We don't have many Windows developers active enough to have gotten commit privileges, but perhaps one of them will be have time enough to take a look at your suggestion.
msg141140 - (view) Author: Amaury Forgeot d'Arc (amaury.forgeotdarc) * (Python committer) Date: 2011年07月26日 10:26
First, a call to abort() is not a GPF: it's not an interrupt from the kernel or the OS, it's just an explicit (albeit brutal) way to exit from an application. There is no potential back door here.
Then, the "Fatal Python error:" line is written to stderr. It's possible to redirect it (try with "python 2>t.txt").
The message "This application..." is written by the Microsoft C Runtime Library, I don't know if it is also printed to stderr.
Furthermore, in this case the application will have a particular exit code, IIRC it's 3; from the cmd.exe you can get it with "echo %ERRORLEVEL%". Normally python processes exit with a status of 0 (everything is OK) or 1 (if an exception is raised and not caught)
Finally, the "fix" you suggest would be applicable if python used WriteConsole or WriteFile... but it does not!
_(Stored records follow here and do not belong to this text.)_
lemma exists_path_flow_ge_average:
  assumes "feasible_flow P M f" "finite P" "P \<noteq> {}"
  obtains p where "p \<in> P" "M / card P \<le> f p"
proof -
  have "Max (f ` P) \<in> f ` P" using assms(2,3) by simp
  then obtain p where p: "p \<in> P" "f p = Max (f ` P)" by auto
  have "M \<le> card P * f p"
    unfolding feasible_flowD(2)[OF assms(1), symmetric] p(2) using assms(2)
    by (intro sum_bounded_above) auto
  with p(1) assms(2,3) show ?thesis
    by (intro that[of p]) (auto simp: divide_le_eq card_gt_0_iff mult.commute)
qed

lemma poa_deviation_le:
  assumes "feasible_flow P M f" "\<And>e x. e \<in> E \<Longrightarrow> 0 \<le> x \<Longrightarrow> 0 \<le> c e x" "0 \<le> r"
    and "\<And>g. feasible_flow P M g \<Longrightarrow> social_cost E P pe c f \<le> (1 + r) * social_cost E P pe c g"
  shows "\<bar>poa E P pe c M f - 1\<bar> \<le> r"
proof -
  let ?Opt = "opt_cost E P pe c M" and ?Eq = "social_cost E P pe c f"
  have bdd: "bdd_below ((social_cost E P pe c) ` {g. feasible_flow P M g})"
    using social_cost_nonneg[OF _ assms(2)] by (intro bdd_belowI[of _ 0]) auto
  have Opt_nonneg: "0 \<le> ?Opt"
    unfolding opt_cost_def using assms(1) social_cost_nonneg[OF _ assms(2)]
    by (intro cINF_greatest) auto
  have Opt_le: "?Opt \<le> ?Eq"
    unfolding opt_cost_def using assms(1) bdd by (intro cINF_lower) auto
  have "?Eq / (1 + r) \<le> ?Opt"
    unfolding opt_cost_def using assms(1,3,4)
    by (intro cINF_greatest) (auto simp: divide_le_eq mult.commute)
  then have Eq_le: "?Eq \<le> (1 + r) * ?Opt"
    using assms(3) by (simp add: divide_le_eq mult.commute)
  show ?thesis
  proof (cases "?Opt = 0")
    case True
    then show ?thesis using assms(3) by (simp add: poa_def)
  next
    case False
    with Opt_nonneg have "0 < ?Opt" by simp
    with Opt_le Eq_le have "1 \<le> ?Eq / ?Opt" "?Eq / ?Opt \<le> 1 + r"
      by (simp_all add: divide_le_eq le_divide_eq)
    with False show ?thesis by (simp add: poa_def)
  qed
qed

lemma wardrop_poa_eq_1_if_free_path:
  assumes eq: "wardrop_eq P pe c M f" and "finite E" "finite P" "\<forall>p\<in>P. pe p \<subseteq> E"
    and nonneg: "\<And>e x. e \<in> E \<Longrightarrow> 0 \<le> x \<Longrightarrow> 0 \<le> c e x"
    and free: "p\<^sub>0 \<in> P" "\<And>e x. e \<in> pe p\<^sub>0 \<Longrightarrow> c e x = 0"
  shows "poa E P pe c M f = 1"
proof -
  have ff: "feasible_flow P M f" using wardrop_eq_feasible[OF eq] .
  have "0 \<le> path_cost P pe c f p" if "p \<in> P" for p
    unfolding path_cost_def using that assms(4)
    by (intro sum_nonneg nonneg edge_load_nonneg[OF ff]) auto
  moreover have "path_cost P pe c f p\<^sub>0 = 0"
    unfolding path_cost_def by (simp add: free(2))
  ultimately have "Min (path_cost P pe c f ` P) = 0"
    using free(1) \<open>finite P\<close> by (intro antisym Min_le Min.boundedI) force+
  then have "social_cost E P pe c f = 0"
    using wardrop_social_cost[OF assms(1-4)] by simp
  then have "\<bar>poa E P pe c M f - 1\<bar> \<le> 0"
    using social_cost_nonneg[OF _ nonneg] by (intro poa_deviation_le[OF ff nonneg]) auto
  then show ?thesis by simp
qed

section \<open>Polynomials and real inequalities\<close>

lemma poly_bounded_on_unit_interval:
  fixes r :: "real poly"
  obtains K where "0 \<le> K" "\<And>x. 0 \<le> x \<Longrightarrow> x \<le> 1 \<Longrightarrow> \<bar>poly r x\<bar> \<le> K"
proof -
  have "compact (poly r ` {0..1})"
    by (intro compact_continuous_image continuous_intros) auto
  then obtain K where "K > 0" "\<forall>y\<in>poly r ` {0..1}. norm y \<le> K"
    using compact_imp_bounded bounded_pos by metis
  then show ?thesis by (intro that[of K]) auto
qed

lemma poly_nonneg_leading_term:
  fixes p :: "real poly"
  assumes "p \<noteq> 0" and nonneg: "\<And>x. 0 \<le> x \<Longrightarrow> 0 \<le> poly p x"
  obtains k b K where "0 < b" "0 \<le> K"
    "\<And>x. 0 \<le> x \<Longrightarrow> x \<le> 1 \<Longrightarrow> \<bar>poly p x - b * x ^ k\<bar> \<le> K * x ^ (k + 1)"
proof -
  obtain q where pq: "p = [:0, 1:] ^ order 0 p * q" and q: "\<not> [:0, 1:] dvd q"
    using order_decomp[OF assms(1), of 0] by auto
  define k where "k = order 0 p"
  obtain b r where qbr: "q = pCons b r" by (cases q)
  have "b \<noteq> 0" using q unfolding qbr by (simp add: dvd_iff_poly_eq_0)
  have p_eq: "poly p x = x ^ k * poly q x" for x
    by (subst pq) (simp add: k_def poly_power)
  obtain K where K: "0 \<le> K" "\<And>x. 0 \<le> x \<Longrightarrow> x \<le> 1 \<Longrightarrow> \<bar>poly r x\<bar> \<le> K"
    using poly_bounded_on_unit_interval by blast
  have "0 < b"
  proof (rule ccontr)
    assume "\<not> 0 < b"
    with \<open>b \<noteq> 0\<close> have "poly q 0 < 0" by (simp add: qbr)
    moreover have "(poly q \<longlongrightarrow> poly q 0) (at_right 0)"
      using poly_isCont[of 0 q] by (simp add: isCont_def filterlim_at_split)
    ultimately have "\<forall>\<^sub>F x in at_right 0. poly q x < 0"
      by (simp add: order_tendstoD(2))
    then obtain x where "0 < x" "poly q x < 0"
      unfolding eventually_at_right_field by (metis field_lbound_gt_zero less_numeral_extra(1))
    then have "poly p x < 0" by (simp add: p_eq mult_pos_neg)
    with nonneg[of x] \<open>0 < x\<close> show False by simp
  qed
  moreover have "\<bar>poly p x - b * x ^ k\<bar> \<le> K * x ^ (k + 1)" if "0 \<le> x" "x \<le> 1" for x
  proof -
    have "\<bar>poly p x - b * x ^ k\<bar> = x ^ (k + 1) * \<bar>poly r x\<bar>"
      using that by (simp add: p_eq qbr algebra_simps abs_mult)
    also have "\<dots> \<le> x ^ (k + 1) * K" using K that by (intro mult_left_mono) auto
    finally show ?thesis by (simp add: mult.commute)
  qed
  ultimately show ?thesis using K(1) that by blast
qed

lemma tangent_le_power_Suc_diff:
  fixes x y :: real
  assumes "0 \<le> x" "0 \<le> y"
  shows "real (Suc n) * x ^ n * (y - x) \<le> y ^ Suc n - x ^ Suc n"
proof -
  have "(y - x) * x ^ n \<le> (y - x) * (y ^ i * x ^ (n - i))" if "i \<le> n" for i
  proof -
    have "0 \<le> (y - x) * (y ^ i - x ^ i)"
      using assms power_mono[of x y i] power_mono[of y x i]
      by (cases "x \<le> y") (auto intro: mult_nonneg_nonneg mult_nonpos_nonpos)
    then have "0 \<le> (y - x) * (y ^ i - x ^ i) * x ^ (n - i)"
      using assms by simp
    moreover have "x ^ i * x ^ (n - i) = x ^ n"
      using that by (simp add: power_add[symmetric])
    ultimately show ?thesis by (simp add: algebra_simps)
  qed
  then have "(\<Sum>i<Suc n. (y - x) * x ^ n) \<le> (\<Sum>i<Suc n. (y - x) * (y ^ i * x ^ (n - i)))"
    by (intro sum_mono) auto
  then have "real (Suc n) * x ^ n * (y - x) \<le> (\<Sum>i<Suc n. (y - x) * (y ^ i * x ^ (n - i)))"
    by (simp add: mult_ac)
  also have "\<dots> = y ^ Suc n - x ^ Suc n"
    unfolding diff_power_eq_sum[of y n x] sum_distrib_left ..
  finally show ?thesis .
qed

lemma le_mult_of_power_bound:
  fixes z \<eta> M B \<beta> :: real
  assumes "j < D" "0 < M" "M \<le> 1" "0 \<le> \<eta>" "0 \<le> \<beta>" "0 \<le> B" "0 \<le> z"
    and "\<beta> / 2 * z ^ j \<le> B * M ^ D" and "2 * B * M < \<beta> * \<eta> ^ j"
  shows "z \<le> \<eta> * M"
proof (rule ccontr)
  assume "\<not> z \<le> \<eta> * M"
  then have "\<beta> / 2 * (\<eta> ^ j * M ^ j) \<le> \<beta> / 2 * z ^ j"
    using assms by (intro mult_left_mono) (auto simp: power_mult_distrib[symmetric] intro: power_mono)
  also have "\<dots> \<le> B * M ^ D" by fact
  also have "\<dots> \<le> B * M ^ Suc j"
    using assms by (intro mult_left_mono power_decreasing) auto
  finally have "(\<beta> * \<eta> ^ j) * M ^ j \<le> (2 * B * M) * M ^ j"
    by (simp add: algebra_simps)
  then have "\<beta> * \<eta> ^ j \<le> 2 * B * M"
    using \<open>0 < M\<close> by simp
  with assms(9) show False by simp
qed

lemma le_add_relative_error:
  fixes a b \<rho> :: real
  assumes "a \<le> b + \<rho> * a" "0 \<le> \<rho>" "0 \<le> a" "\<rho> \<le> 1 / 2"
  shows "a \<le> (1 + 2 * \<rho>) * b"
proof -
  have "0 \<le> \<rho> * (1 - 2 * \<rho>) * a"
    using assms(2-4) by simp
  moreover have "(1 + 2 * \<rho>) * ((1 - \<rho>) * a) = a + \<rho> * (1 - 2 * \<rho>) * a"
    by (simp add: algebra_simps)
  ultimately have "a \<le> (1 + 2 * \<rho>) * ((1 - \<rho>) * a)" by linarith
  also have "\<dots> \<le> (1 + 2 * \<rho>) * b"
    using assms(1,2) by (intro mult_left_mono) (auto simp: algebra_simps)
  finally show ?thesis .
qed

section \<open>Costs with leading terms at zero\<close>

locale leading_term_costs =
  fixes E :: "'e set" and P :: "'p set" and pe :: "'p \<Rightarrow> 'e set"
    and c :: "'e \<Rightarrow> real \<Rightarrow> real" and Z :: "'e set"
    and k :: "'e \<Rightarrow> nat" and b :: "'e \<Rightarrow> real" and \<beta> K :: real
  assumes finite_E: "finite E" and finite_P: "finite P" and P_nonempty: "P \<noteq> {}"
    and paths_in_E: "\<forall>p\<in>P. pe p \<subseteq> E"
    and cost_nonneg: "\<And>e x. e \<in> E \<Longrightarrow> 0 \<le> x \<Longrightarrow> 0 \<le> c e x"
    and cost_Z: "\<And>e x. e \<in> Z \<Longrightarrow> c e x = 0"
    and path_not_free: "\<And>p. p \<in> P \<Longrightarrow> pe p - Z \<noteq> {}"
    and \<beta>_pos: "0 < \<beta>"
    and leading_coeff_bounds: "\<And>e. e \<in> E - Z \<Longrightarrow> \<beta> \<le> b e \<and> b e \<le> K"
    and leading_term: "\<And>e x. e \<in> E - Z \<Longrightarrow> 0 \<le> x \<Longrightarrow> x \<le> 1 \<Longrightarrow>
                         \<bar>c e x - b e * x ^ k e\<bar> \<le> K * x ^ (k e + 1)"
begin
It uses the write() function, which probably calls WriteConsole or WriteFile at some point, but does not take unicode characters...
msg141141 - (view) Author: STINNER Victor (vstinner) * (Python committer) Date: 2011年07月26日 10:28
> Finally, the "fix" you suggest would be applicable if python
> used WriteConsole or WriteFile... but it does not! It uses
> the write() function, which probably calls WriteConsole 
> or WriteFile at some point, but does not take unicode characters...
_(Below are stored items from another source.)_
lemma p_parabolicI:
  assumes "\<And>K e. finite K \<Longrightarrow> 0 < e \<Longrightarrow>
    \<exists>v. E v < ennreal e \<and> (\<forall>x\<in>K. 1 \<le> v x) \<and> finite {x. 0 < v x}"
  shows "p_parabolic b (\<lambda>_. 0) p"
  unfolding p_parabolic_def
proof (intro allI impI)
  fix K :: "'x set" assume K: "finite K"
  have small: "capp b (\<lambda>_. 0) p K \<le> ennreal e" if "0 < e" for e
  proof -
    obtain v where v: "E v < ennreal e" "\<forall>x\<in>K. 1 \<le> v x" "finite {x. 0 < v x}"
      using assms[OF K \<open>0 < e\<close>] by blast
    define \<phi> where "\<phi> x = min 1 (max 0 (v x))" for x
    have "{x. \<phi> x \<noteq> 0} \<subseteq> {x. 0 < v x}"
      by (auto simp: \<phi>_def)
    then have "finite {x. \<phi> x \<noteq> 0}" using v(3) by (rule finite_subset)
    moreover have "\<forall>x\<in>K. 1 \<le> \<phi> x" using v(2) by (simp add: \<phi>_def le_max_iff_disj)
    ultimately have "capp b (\<lambda>_. 0) p K \<le> E \<phi>"
      unfolding capp_def by (intro INF_lower) auto
    also have "\<dots> \<le> ennreal (1 powr p) * E v"
      by (rule energy_contraction) (simp_all add: \<phi>_def clamp_diff_le)
    also have "\<dots> \<le> ennreal e" using v(1) by simp
    finally show ?thesis .
  qed
  have "capp b (\<lambda>_. 0) p K \<le> 0"
    by (rule ennreal_le_epsilon) (simp add: small)
  then show "capp b (\<lambda>_. 0) p K = 0" by simp
qed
The issue #1602 discuss how to change Python to use WriteConsole.
msg141158 - (view) Author: Bruce Ferris (bferris57) Date: 2011年07月26日 13:53
Victor, thanks for replying and I've had a quick read of everything that went on for issue #1602. I think there's some misunderstanding in what I'm saying here. Maybe this will help clear up what I'm saying...
 D:\>chcp
 Active code page: 850
 D:\>chcp 65001
 Active code page: 65001
 D:\>python27\python
 Python 2.7 (r27:82525, Jul 4 2010, 09:01:59) [MSC v.1500 32 bit 
 (Intel)] on win32
 Type "help", "copyright", "credits" or "license" for more information.
 >>> ^Z
 D:\>python31\python
 Fatal Python error: Py_Initialize: can't initialize sys standard
 streams
 LookupError: unknown encoding: cp65001
 This application has requested the Runtime to terminate it in an
 unusual way.
 Please contact the application's support team for more information.
 D:\>chcp 850
 Active code page: 850
 D:\>python31\python
 Python 3.1.2 (r312:79149, Mar 21 2010, 00:41:52) [MSC v.1500 32 bit
 (Intel)] on win32
 Type "help", "copyright", "credits" or "license" for more information.
 >>> ^Z
 D:\>
You see, I'm NOT trying to output any Unicode or UTF-8 characters. All I'm trying to do is run different versions of Python on the same machine from the command line.
Some code inside Python now "break" if Python 3.1 is started with Code Page 65001.
I fully understand the change between Python 2.7 and 3.1 were probably due to trying to fix issue #1602 (or some other related issue).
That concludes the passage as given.